-- Material shown follows --

lemma col_ins_word_entries:
  assumes "distinct (concat S)" "distinct u" "set u \<inter> entries S = {}"
  shows "entries (col_ins_word S u) = entries S \<union> set u \<and> distinct (concat (col_ins_word S u))"
  using assms
proof (induction u rule: rev_induct)
  case Nil then show ?case by simp
next
  case (snoc y u)
  have IH: "entries (col_ins_word S u) = entries S \<union> set u" "distinct (concat (col_ins_word S u))" using snoc by auto
  have "y \<notin> entries (col_ins_word S u)" using IH snoc.prems by auto
  then show ?case using IH entries_col_ins distinct_col_ins by auto
qed

lemma wf_tab_col_ins_word:
  assumes "wf_tab S" "distinct u" "set u \<inter> entries S = {}"
  shows "wf_tab (col_ins_word S u)"
  using assms
proof (induction u rule: rev_induct)
  case Nil then show ?case by simp
next
  case (snoc y u)
  have IH: "wf_tab (col_ins_word S u)" using snoc by auto
  have "entries (col_ins_word S u) = entries S \<union> set u" using col_ins_word_entries[of S u] snoc.prems wf_tab_distinct by auto
  hence "y \<notin> entries (col_ins_word S u)" using snoc.prems by auto
  then show ?case using IH wf_tab_col_ins by simp
qed

lemma col_desc_col_ins_word:
  assumes "distinct (concat S)" "distinct u" "set u \<inter> entries S = {}"
    "k \<in> entries S \<union> set u" "Suc k \<in> entries S \<union> set u"
  shows "col_desc (col_ins_word S u) k \<longleftrightarrow>
    (if k \<in> entries S \<and> Suc k \<in> entries S then col_desc S k
     else if k \<in> entries S then True else if Suc k \<in> entries S then False else precedes u k (Suc k))"
  using assms
proof (induction u rule: rev_induct)
  case Nil then show ?case by simp
next
  case (snoc y u)
  have ent: "entries (col_ins_word S u) = entries S \<union> set u"
    and dist: "distinct (concat (col_ins_word S u))"
    using col_ins_word_entries[of S u] snoc.prems by auto
  have yF: "y \<notin> entries (col_ins_word S u)" using ent snoc.prems by auto
  have yu: "y \<notin> set u" using snoc.prems by simp
  have eq: "col_ins_word S (u @ [y]) = col_ins y (col_ins_word S u)" by simp
  consider "y \<noteq> k \<and> y \<noteq> Suc k" | "y = Suc k" | "y = k" by blast
  then show ?case
  proof cases
    case 1
    have ku: "k \<in> entries S \<union> set u" "Suc k \<in> entries S \<union> set u" using snoc.prems 1 by auto
    have "col_desc (col_ins y (col_ins_word S u)) k = col_desc (col_ins_word S u) k"
      using col_desc_col_ins[OF dist yF] ku ent 1 by auto
    moreover have "precedes (u @ [y]) k (Suc k) = precedes u k (Suc k)" using precedes_snoc 1 by auto
    ultimately show ?thesis using eq snoc.IH snoc.prems ku by simp
  next
    case 2
    have "col_desc (col_ins y (col_ins_word S u)) k" using col_desc_col_ins_Suc yF 2 by simp
    moreover have "Suc k \<notin> entries S" using snoc.prems 2 by auto
    moreover have "k \<in> entries S \<or> (k \<in> set u)" using snoc.prems 2 by auto
    ultimately show ?thesis using eq precedes_snoc[of u y k "Suc k"] 2 by auto
  next
    case 3
    have "Suc k \<in> entries (col_ins_word S u)" using snoc.prems 3 ent by auto
    hence "\<not> col_desc (col_ins y (col_ins_word S u)) k"
      using not_col_desc_col_ins_pred[OF dist] yF 3 by simp
    moreover have "k \<notin> entries S" using snoc.prems 3 by auto
    moreover have "\<not> precedes (u @ [y]) k (Suc k)"
      using precedes_snoc[of u y k "Suc k"] 3 yu precedes_set by auto
    ultimately show ?thesis using eq 3 by auto
  qed
qed

definition reading_word :: "nat list list \<Rightarrow> nat list" where
  "reading_word L = concat (map rev L)"

lemma set_reading_word: "set (reading_word L) = entries L"
  by (auto simp: reading_word_def tab_entries_def)

lemma distinct_reading_word: "distinct (reading_word L) \<longleftrightarrow> distinct (concat L)"
proof (induction L)
  case Nil then show ?case by (simp add: reading_word_def)
next
  case (Cons c L)
  have "set (concat (map rev L)) = set (concat L)" by auto
  then show ?case using Cons by (auto simp: reading_word_def)
qed

lemma precedes_reading_word:
  assumes "\<forall>c\<in>set L. sorted_wrt (<) c" "distinct (concat L)" "a < b" "a \<in> entries L" "b \<in> entries L"
  shows "precedes (reading_word L) a b \<longleftrightarrow> col_of a L < col_of b L"
  unfolding reading_word_def using assms
proof (induction L)
  case Nil then show ?case by simp
next
  case (Cons c cs)
  have sc: "sorted_wrt (<) c" using Cons by simp
  have disj: "set c \<inter> entries cs = {}" using Cons.prems(2) by (auto simp: tab_entries_def)
  have e: "set (concat (map rev cs)) = entries cs" by (auto simp: tab_entries_def)
  have ba: "precedes (concat (map rev (c # cs))) a b \<longleftrightarrow>
     precedes (rev c) a b \<or> precedes (concat (map rev cs)) a b \<or> (a \<in> set c \<and> b \<in> entries cs)"
    using precedes_append[of "rev c" "concat (map rev cs)" a b] e by (simp add: tab_entries_def)
  have nrc: "\<not> precedes (rev c) a b" using precedes_rev precedes_sorted sc Cons.prems(3) by fastforce
  consider "a \<in> set c \<and> b \<in> set c" | "a \<in> set c \<and> b \<notin> set c" | "a \<notin> set c \<and> b \<in> set c" | "a \<notin> set c \<and> b \<notin> set c" by blast
  then show ?case
  proof cases
    case 1
    have "\<not> precedes (concat (map rev cs)) a b" using precedes_set e disj 1 by blast
    then show ?thesis using ba nrc 1 disj by auto
  next
    case 2
    then show ?thesis using ba Cons.prems by auto
  next
    case 3
    have "\<not> precedes (concat (map rev cs)) a b" using precedes_set e disj 3 by blast
    then show ?thesis using ba nrc 3 by auto
  next
    case 4
    have IH: "precedes (concat (map rev cs)) a b \<longleftrightarrow> col_of a cs < col_of b cs"
      using Cons 4 by auto
    then show ?thesis using ba nrc 4 by auto
  qed
qed

lemma precedes_map_sorted:
  assumes s: "sorted_wrt (<) s" and state_inv: "\<And>a. a \<in> set s \<Longrightarrow> f a \<in> set s \<and> f (f a) = a"
    and k: "k \<in> set s" and sk: "k' \<in> set s" and kk: "k \<noteq> k'"
  shows "precedes (map f s) k k' \<longleftrightarrow> f k < f k'"
proof
  assume "precedes (map f s) k k'"
  then obtain u1 u2 where h: "map f s = u1 @ u2" "k \<in> set u1" "k' \<in> set u2" by (auto simp: precedes_def)
  then obtain s1 s2 where ss: "s = s1 @ s2" "map f s1 = u1" "map f s2 = u2" by (metis map_eq_append_conv)
  obtain a where a: "a \<in> set s1" "k = f a" using h(2) ss by auto
  obtain b where b: "b \<in> set s2" "k' = f b" using h(3) ss by auto
  have "f k = a" using state_inv[of a] a ss by auto
  moreover have "f k' = b" using state_inv[of b] b ss by auto
  ultimately show "f k < f k'" using s ss a b by (auto simp: sorted_wrt_append)
next
  assume lt: "f k < f k'"
  have fk: "f k \<in> set s" using state_inv k by blast
  then obtain s1 s2 where ss: "s = s1 @ f k # s2" by (meson split_list)
  have fk': "f k' \<in> set s" using state_inv sk by blast
  have "f k' \<notin> set s1" using s ss lt by (auto simp: sorted_wrt_append)
  hence "f k' \<in> set s2" using fk' ss lt by auto
  moreover have "f (f k) = k" "f (f k') = k'" using state_inv k sk by auto
  ultimately show "precedes (map f s) k k'" unfolding precedes_def
    by (rule_tac x="map f (s1 @ [f k])" in exI, rule_tac x="map f s2" in exI) (auto simp: ss intro: image_eqI[where x="f k'"])
qed

section \<open>Column deletion\<close>

text \<open>bump_left y R only does what column deletion intends when every column contains an entry below
  the letter bumped into it; otherwise Max of the empty set is taken.\<close>

fun bumpable :: "nat \<Rightarrow> nat list list \<Rightarrow> bool" where
  "bumpable y [] = True"
| "bumpable y (c # cs) = ((\<exists>v\<in>set c. v < y) \<and> bumpable (Max {v \<in> set c. v < y}) cs)"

-- Material shown concluded --

_Problem description_. Restate the data verbatim through the "using snoc.prems by auto" line.

_The answer_.
lemma col_ins_word_entries:
  assumes "distinct (concat S)" "distinct u" "set u \<inter> entries S = {}"
  shows "entries (col_ins_word S u) = entries S \<union> set u \<and> distinct (concat (col_ins_word S u))"
  using assms
proof (induction u rule: rev_induct)
  case Nil then show ?case by simp
next
  case (snoc y u)
  have IH: "entries (col_ins_word S u) = entries S \<union> set u" "distinct (concat (col_ins_word S u))" using snoc by auto
  have "y \<notin> entries (col_ins_word S u)" using IH snoc.prems by auto
  then show ?case using IH entries_col_ins distinct_col_ins by auto
qed

lemma wf_tab_col_ins_word:
  assumes "wf_tab S" "distinct u" "set u \<inter> entries S = {}"
  shows "wf_tab (col_ins_word S u)"
  using assms
proof (induction u rule: rev_induct)
  case Nil then show ?case by simp
next
  case (snoc y u)
  have IH: "wf_tab (col_ins_word S u)" using snoc by auto
  have "entries (col_ins_word S u) = entries S \<union> set u" using col_ins_word_entries[of S u] snoc.prems wf_tab_distinct by auto
  hence "y \<notin> entries (col_ins_word S u)" using snoc.prems by auto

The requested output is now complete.